The MOU between OFAC and the Federal Reserve, the Federal Deposit Insurance Corporation (FDIC), the National Credit Union (NCUA), the Office of Comptroller of the Currency (OCC) and the now defunct Office of Thrift Supervision (OTS) was signed ten years ago, in 2006. To see it, please click here. Information that can be shared includes unreported violations of sanctions, and other examination findings, such as “significant deficiencies in a banking organization’s policies, procedures, and processes for ensuring compliance with OFAC regulations.”
OFAC compliance program as a mitigating factor
In identifying a potential sanctions violation, OFAC uses “Enforcement Guidelines,” the framework for the enforcement of all economic sanctions programs it administers. This document says that OFAC will consider some general factors in determining an enforcement action for an apparent breach of sanctions. One of the factors is General Factor E, Compliance Program: the existence, nature and adequacy of a risk-based OFAC compliance program at the time of the apparent violation, where relevant. OFAC will follow the procedures set forth in the MOU and consults the regulator on the quality and effectiveness of the compliance program in place. Even in the absence of an MOU, OFAC may take into consideration the views of federal, state, or foreign regulators, where relevant. In case of a breach of sanctions laws, having a sound OFAC compliance program can mitigate an OFAC enforcement action.

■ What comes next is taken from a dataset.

(* Fix $0<m<2M$. For $s_1,s_2\in\{+,-\}$ and $\xi_1,\xi_2\in\mathbb{R}^3$ define \[ \mu^{s_1,s_2}(\xi_1,\xi_2):=\langle\xi_1-\xi_2\rangle_m+s_1\langle\xi_1\rangle_M-s_2\langle\xi_2\rangle_M . \] There is a (sufficiently small) absolute constant $c>0$ such that the following hold, with implicit constants depending only on $m,M$ (and $c$). Case 1: If (a) $s_1=+,s_2=-$, or (b) $s_1=-,s_2=+$ and $\langle\xi_1-\xi_2\rangle_m\le c\min(\langle\xi_1\rangle_M,\langle\xi_2\rangle_M)$, then \[ |\mu^{s_1,s_2}(\xi_1,\xi_2)|\gtrsim \max(\langle\xi_1-\xi_2\rangle,\langle\xi_1\rangle,\langle\xi_2\rangle). \] Case 2: If (a) $s_1=s_2$, or (b) $s_1=-,s_2=+$ and $\langle\xi_1-\xi_2\rangle_m> c\min(\langle\xi_1\rangle_M,\langle\xi_2\rangle_M)$, then \[ |\mu^{s_1,s_2}(\xi_1,\xi_2)|\gtrsim \frac{\langle\xi_1\rangle\langle\xi_2\rangle}{\langle\xi_1-\xi_2\rangle}\,\angle(s_1\xi_1,s_2\xi_2)^2 . \] For every choice of signs $s_1,s_2$ one has both \[ |\mu^{s_1,s_2}(\xi_1,\xi_2)|\gtrsim \min(\langle\xi_1\rangle,\langle\xi_2\rangle)\,\angle(s_1\xi_1,s_2\xi_2)^2 \] and \[ |\mu^{s_1,s_2}(\xi_1,\xi_2)|\gtrsim \max(\langle\xi_1-\xi_2\rangle^{-1},\langle\xi_1\rangle^{-1},\langle\xi_2\rangle^{-1}). \]
   Context: For $a\ge0$, $\langle\xi\rangle_a:=(a^2+|\xi|^2)^{1/2}$ and $\langle\xi\rangle:=\langle\xi\rangle_1$. For nonzero vectors $x,y\in\mathbb{R}^3$, $\angle(x,y)\in[0,\pi]$ denotes the angle between $x$ and $y$. $A\gtrsim B$ means $A\ge C^{-1}B$ for a constant $C>0$ (here depending only on $m,M$). *)

theory Defs
  imports "HOL-Analysis.Analysis"
begin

Salvatore Scotto, of Sanctions Forensics & FCC Advisory Services, explains that “OFAC, with its MOUs with various federal, state and other regulators relies on their examinations for insight to a financial institution’s ability to effectively comply with the regulations. We are at a state where sanctions programs are more complicated and technology has become more sophisticated, an institution can no longer just buy an off the shelf interdiction tool and issue a compliance policy statement. Sanctions compliance programs require comprehensive governance to meet regulatory expectations. While a regulatory examination can be a bit stressful, the regulators may see something you do not see, embrace their findings as an opportunity to strengthen your sanctions program and hopefully the strength of your sanctions program may one day mitigate an OFAC Enforcement Action”.